___ Records provided

(* The two-sided ideal $(z')=z'U^+$ is completely prime, i.e. $U^+/(z')$ is a domain.
   Context: $\Bbbk$ is an algebraically closed field of characteristic zero and $q\in\Bbbk^\times$ is not a root of unity. $U^+$ is the $\Bbbk$-algebra generated by $e_1,e_2$ with relations (S1) $e_1^2e_2-(q^2+q^{-2})e_1e_2e_1+e_2e_1^2=0$ and (S2) $e_2^3e_1-(q^2+1+q^{-2})e_2^2e_1e_2+(q^2+1+q^{-2})e_2e_1e_2^2-e_1e_2^3=0$. Set $e_3=e_1e_2-q^2e_2e_1$, $w=e_2e_3-e_3e_2$, $z'=e_1w-q^{-4}we_1$ (a central element). *)

theory Defs
  imports "HOL-Library.Poly_Mapping" "HOL-Computational_Algebra.Polynomial"
begin

datatype letter = L1 | L2

datatype word = W "letter list"

instantiation word :: monoid_add
begin
definition zero_word :: word where "zero_word = W []"
fun plus_word :: "word \<Rightarrow> word \<Rightarrow> word" where
  "plus_word (W a) (W b) = W (a @ b)"
instance
proof
  fix a b c :: word
  show "a + b + c = a + (b + c)" by (cases a; cases b; cases c) simp
  show "0 + a = a" by (cases a) (simp add: zero_word_def)
  show "a + 0 = a" by (cases a) (simp add: zero_word_def)
qed
end

text \<open>The free algebra k<x1,x2> over a commutative ring k: finitely supported
  functions from words to k, with the convolution (monoid algebra) product.\<close>
type_synonym 'k freealg = "word \<Rightarrow>\<^sub>0 'k"

definition scal :: "'k::comm_ring_1 \<Rightarrow> 'k freealg" where
  "scal c = Poly_Mapping.single 0 c"

definition gen1 :: "'k::comm_ring_1 freealg" where
  "gen1 = Poly_Mapping.single (W [L1]) 1"

definition gen2 :: "'k::comm_ring_1 freealg" where
  "gen2 = Poly_Mapping.single (W [L2]) 1"

inductive_set two_sided_ideal :: "'k::comm_ring_1 freealg set \<Rightarrow> 'k freealg set"
  for S where
  gen: "s \<in> S \<Longrightarrow> s \<in> two_sided_ideal S"
| zero: "0 \<in> two_sided_ideal S"
| add: "a \<in> two_sided_ideal S \<Longrightarrow> b \<in> two_sided_ideal S \<Longrightarrow> a + b \<in> two_sided_ideal S"
| mult: "a \<in> two_sided_ideal S \<Longrightarrow> u * a * v \<in> two_sided_ideal S"

definition completely_prime :: "'k::comm_ring_1 freealg set \<Rightarrow> bool" where
  "completely_prime J \<longleftrightarrow> 1 \<notin> J \<and> (\<forall>a b. a * b \<in> J \<longrightarrow> a \<in> J \<or> b \<in> J)"

definition rel_S1 :: "'k::field \<Rightarrow> 'k freealg" where
  "rel_S1 q = gen1 * gen1 * gen2 - scal (q^2 + inverse (q^2)) * gen1 * gen2 * gen1
             + gen2 * gen1 * gen1"

definition rel_S2 :: "'k::field \<Rightarrow> 'k freealg" where
  "rel_S2 q = gen2 * gen2 * gen2 * gen1
     - scal (q^2 + 1 + inverse (q^2)) * gen2 * gen2 * gen1 * gen2
     + scal (q^2 + 1 + inverse (q^2)) * gen2 * gen1 * gen2 * gen2
     - gen1 * gen2 * gen2 * gen2"

definition Uplus_ideal :: "'k::field \<Rightarrow> 'k freealg set" where
  "Uplus_ideal q = two_sided_ideal {rel_S1 q, rel_S2 q}"

definition e3 :: "'k::field \<Rightarrow> 'k freealg" where
  "e3 q = gen1 * gen2 - scal (q^2) * gen2 * gen1"

definition w_el :: "'k::field \<Rightarrow> 'k freealg" where
  "w_el q = gen2 * e3 q - e3 q * gen2"

definition z' :: "'k::field \<Rightarrow> 'k freealg" where
  "z' q = gen1 * w_el q - scal (inverse (q^4)) * w_el q * gen1"

text \<open>Preimage in the free algebra of the ideal (z') of U^+.\<close>
definition z'_ideal :: "'k::field \<Rightarrow> 'k freealg set" where
  "z'_ideal q = two_sided_ideal {rel_S1 q, rel_S2 q, z' q}"

definition alg_closed_field :: "'k::field itself \<Rightarrow> bool" where
  "alg_closed_field _ \<longleftrightarrow> (\<forall>p :: 'k poly. degree p \<ge> 1 \<longrightarrow> (\<exists>x. poly p x = 0))"

end

(*
  Sending e1 to y and e2 to x + z defines a homomorphism qrep from the free algebra to the
  quantum affine space on x, y, z with yx = q^-2 xy, zx = q^2 xz and zy = q^-2 yz, a twisted
  monoid algebra over N^3.  It kills S1, S2 and z'.  The quantum affine space is a domain,
  because lexicographically leading exponents add under multiplication.

  Conversely, modulo (z') the q-commutation relations among e1, e2, e3 and w rewrite every
  element as a linear combination of the normal monomials e2^a w^b e3^c e1^d with c <= 1.
  The image of such a monomial has a nonzero coefficient at x^(2b+c) y^(b+c+d) z^a, and no
  other normal monomial of e2-degree at most a has one there; so the images of the normal
  monomials are linearly independent.  Hence (z') is exactly the kernel of qrep, and the
  quotient embeds into a domain.
*)

theory Submission
  imports Defs "HOL-Library.Product_Plus" "HOL-Library.Product_Lexorder"
begin

section \<open>Twisted monoid algebras\<close>

definition pm_lift :: "('a \<Rightarrow> 'b::zero \<Rightarrow> 'c::comm_monoid_add) \<Rightarrow> ('a \<Rightarrow>\<^sub>0 'b) \<Rightarrow> 'c" where
  "pm_lift g X = (\<Sum>a\<in>Poly_Mapping.keys X. g a (Poly_Mapping.lookup X a))"

lemma pm_lift_zero [simp]: "pm_lift g 0 = 0"
  by (simp add: pm_lift_def)

lemma pm_lift_single [simp]:
  assumes "g a 0 = 0"
  shows "pm_lift g (Poly_Mapping.single a c) = g a c"
  using assms by (cases "c = 0") (simp_all add: pm_lift_def)

lemma pm_lift_superset:
  assumes "finite A" "Poly_Mapping.keys X \<subseteq> A" "\<And>a. g a 0 = 0"
  shows "pm_lift g X = (\<Sum>a\<in>A. g a (Poly_Mapping.lookup X a))"
  unfolding pm_lift_def using assms
  by (intro sum.mono_neutral_left) (auto simp: in_keys_iff)

lemma pm_lift_add:
  fixes X Y :: "'a \<Rightarrow>\<^sub>0 'b::monoid_add"
  assumes "\<And>a. g a 0 = 0" "\<And>a c d. g a (c + d) = g a c + g a d"
  shows "pm_lift g (X + Y) = pm_lift g X + pm_lift g Y"
proof -
  let ?A = "Poly_Mapping.keys X \<union> Poly_Mapping.keys Y"
  have "pm_lift g (X + Y) = (\<Sum>a\<in>?A. g a (Poly_Mapping.lookup (X + Y) a))"
    by (rule pm_lift_superset) (auto simp: keys_add assms)
  also have "\<dots> = (\<Sum>a\<in>?A. g a (Poly_Mapping.lookup X a)) + (\<Sum>a\<in>?A. g a (Poly_Mapping.lookup Y a))"
    by (simp add: lookup_add assms sum.distrib)
  also have "\<dots> = pm_lift g X + pm_lift g Y"
    by (subst (1 2) pm_lift_superset[where A = ?A]) (auto simp: assms)
  finally show ?thesis .
qed

lemma pm_lift_fun_add: "pm_lift (\<lambda>a c. g a c + h a c) X = pm_lift g X + pm_lift h X"
  by (simp add: pm_lift_def sum.distrib)

lemma pm_lift_fun_zero [simp]: "pm_lift (\<lambda>a c. 0) X = 0"
  by (simp add: pm_lift_def)

lemma poly_mapping_induct [case_names zero single add]:
  fixes X :: "'a \<Rightarrow>\<^sub>0 'b::comm_monoid_add"
  assumes "P 0" "\<And>k c. P (Poly_Mapping.single k c)" "\<And>X Y. P X \<Longrightarrow> P Y \<Longrightarrow> P (X + Y)"
  shows "P X"
proof -
  have "X = (\<Sum>k\<in>Poly_Mapping.keys X. Poly_Mapping.single k (Poly_Mapping.lookup X k))"
    by (rule poly_mapping_eqI) (auto simp: lookup_sum lookup_single when_def in_keys_iff)
  moreover have "P (\<Sum>k\<in>K. Poly_Mapping.single k (Poly_Mapping.lookup X k))" if "finite K" for K
    using that by (induction K rule: finite_induct) (auto intro: assms)
  ultimately show ?thesis by (metis finite_keys)
qed

locale bicharacter =
  fixes \<chi> :: "'m::cancel_comm_monoid_add \<Rightarrow> 'm \<Rightarrow> 'k::comm_ring_1"
  assumes add_left: "\<chi> (a + b) c = \<chi> a c * \<chi> b c"
    and add_right: "\<chi> a (b + c) = \<chi> a b * \<chi> a c"
    and zero_left [simp]: "\<chi> 0 b = 1"
    and zero_right [simp]: "\<chi> a 0 = 1"
begin

definition twisted_mult :: "('m \<Rightarrow>\<^sub>0 'k) \<Rightarrow> ('m \<Rightarrow>\<^sub>0 'k) \<Rightarrow> 'm \<Rightarrow>\<^sub>0 'k" (infixl \<open>\<star>\<close> 70) where
  "X \<star> Y = pm_lift (\<lambda>a c. pm_lift (\<lambda>b d. Poly_Mapping.single (a + b) (c * d * \<chi> a b)) Y) X"

lemma single_twisted_mult_single [simp]:
  "Poly_Mapping.single a c \<star> Poly_Mapping.single b d = Poly_Mapping.single (a + b) (c * d * \<chi> a b)"
  by (simp add: twisted_mult_def)

lemma twisted_mult_zero_left [simp]: "0 \<star> Y = 0"
  by (simp add: twisted_mult_def)

lemma twisted_mult_zero_right [simp]: "X \<star> 0 = 0"
  by (simp add: twisted_mult_def)

lemma twisted_mult_add_left: "(X1 + X2) \<star> Y = X1 \<star> Y + X2 \<star> Y"
  unfolding twisted_mult_def
  by (rule pm_lift_add) (simp_all add: single_add distrib_right pm_lift_fun_add)

lemma twisted_mult_add_right: "X \<star> (Y1 + Y2) = X \<star> Y1 + X \<star> Y2"
  unfolding twisted_mult_def
  by (subst pm_lift_add) (simp_all add: single_add distrib_left distrib_right pm_lift_fun_add)

lemma twisted_mult_diff_left: "(X1 - X2) \<star> Y = X1 \<star> Y - X2 \<star> Y"
  by (metis add_diff_cancel diff_add_cancel twisted_mult_add_left)

lemma twisted_mult_diff_right: "X \<star> (Y1 - Y2) = X \<star> Y1 - X \<star> Y2"
  by (metis add_diff_cancel diff_add_cancel twisted_mult_add_right)

lemmas twisted_mult_distribs =
  twisted_mult_add_left twisted_mult_add_right twisted_mult_diff_left twisted_mult_diff_right

lemma twisted_mult_assoc: "X \<star> Y \<star> Z = X \<star> (Y \<star> Z)"
proof (induction X rule: poly_mapping_induct)
  case (single a c)
  then show ?case
  proof (induction Y rule: poly_mapping_induct)
    case (single b d)
    then show ?case
      by (induction Z rule: poly_mapping_induct)
        (simp_all add: add_left add_right add.assoc mult_ac twisted_mult_add_right)
  qed (simp_all add: twisted_mult_add_right twisted_mult_add_left)
qed (simp_all add: twisted_mult_add_left)

lemma twisted_mult_one_left [simp]: "1 \<star> X = X"
  by (induction X rule: poly_mapping_induct) (simp_all add: twisted_mult_add_right flip: single_one)

lemma twisted_mult_one_right [simp]: "X \<star> 1 = X"
  by (induction X rule: poly_mapping_induct) (simp_all add: twisted_mult_add_left flip: single_one)

lemma scalar_twisted_mult_commute:
  "Poly_Mapping.single 0 c \<star> X = X \<star> Poly_Mapping.single 0 c"
  by (induction X rule: poly_mapping_induct) (simp_all add: twisted_mult_distribs mult_ac)

lemma scalar_twisted_mult_twisted_mult:
  "(Poly_Mapping.single 0 c \<star> X) \<star> (Poly_Mapping.single 0 d \<star> Y) = Poly_Mapping.single 0 (c * d) \<star> (X \<star> Y)"
proof -
  have "X \<star> (Poly_Mapping.single 0 d \<star> Y) = Poly_Mapping.single 0 d \<star> (X \<star> Y)"
    by (metis twisted_mult_assoc scalar_twisted_mult_commute)
  then show ?thesis
    by (simp add: twisted_mult_assoc flip: twisted_mult_assoc[of "Poly_Mapping.single 0 c"])
qed

lemma lookup_twisted_mult:
  "Poly_Mapping.lookup (X \<star> Y) e =
     (\<Sum>a\<in>Poly_Mapping.keys X. \<Sum>b\<in>Poly_Mapping.keys Y.
        if a + b = e then Poly_Mapping.lookup X a * Poly_Mapping.lookup Y b * \<chi> a b else 0)"
  by (simp add: twisted_mult_def pm_lift_def lookup_sum lookup_single when_def)

lemma lookup_twisted_mult_single:
  "Poly_Mapping.lookup (X \<star> Poly_Mapping.single m c) e =
     (\<Sum>p\<in>Poly_Mapping.keys X. if p + m = e then Poly_Mapping.lookup X p * c * \<chi> p m else 0)"
  by (cases "c = 0") (simp_all add: lookup_twisted_mult cong: if_cong)

lemma keys_twisted_mult_single:
  "Poly_Mapping.keys (X \<star> Poly_Mapping.single m c) \<subseteq> (\<lambda>p. p + m) ` Poly_Mapping.keys X"
  by (force simp: in_keys_iff lookup_twisted_mult_single intro: sum.neutral)

lemma lookup_twisted_mult_single_shift [simp]:
  "Poly_Mapping.lookup (X \<star> Poly_Mapping.single m c) (p + m) = Poly_Mapping.lookup X p * c * \<chi> p m"
  by (auto simp: lookup_twisted_mult_single in_keys_iff if_distrib cong: if_cong)

lemma lookup_scalar_twisted_mult [simp]: "Poly_Mapping.lookup (Poly_Mapping.single 0 c \<star> X) p = c * Poly_Mapping.lookup X p"
  using lookup_twisted_mult_single_shift[of X 0 c p] by (simp add: scalar_twisted_mult_commute)

end

locale ordered_bicharacter = bicharacter \<chi>
  for \<chi> :: "'m::{cancel_comm_monoid_add, linorder} \<Rightarrow> 'm \<Rightarrow> 'k::idom" +
  assumes nonzero: "\<chi> a b \<noteq> 0"
    and add_strict_right_mono: "a < b \<Longrightarrow> a + c < b + c"
begin

lemma add_eq_add_of_le:
  fixes a b m n :: 'm
  assumes "a \<le> m" "b \<le> n" "a + b = m + n"
  shows "a = m \<and> b = n"
proof (rule ccontr)
  assume "\<not> (a = m \<and> b = n)"
  then have "a < m \<or> b < n" using assms(1,2) by (auto simp: order.order_iff_strict)
  then have "a + b < m + n"
  proof
    assume "a < m"
    then have "a + b < m + b" by (rule add_strict_right_mono)
    also have "m + b \<le> m + n"
      using assms(2) add_strict_right_mono[of b n m] by (auto simp: add.commute order_le_less)
    finally show ?thesis .
  next
    assume "b < n"
    then have "b + a < n + a" by (rule add_strict_right_mono)
    also have "n + a \<le> n + m"
      using assms(1) add_strict_right_mono[of a m n] by (auto simp: add.commute order_le_less)
    finally show ?thesis by (simp add: add.commute)
  qed
  with assms(3) show False by simp
qed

______

Your answer should be all lines from the data that contain "flip".

  by (induction X rule: poly_mapping_induct) (simp_all add: twisted_mult_add_right flip: single_one)
  by (induction X rule: poly_mapping_induct) (simp_all add: twisted_mult_add_left flip: single_one)
    by (simp add: twisted_mult_assoc flip: twisted_mult_assoc[of "Poly_Mapping.single 0 c"])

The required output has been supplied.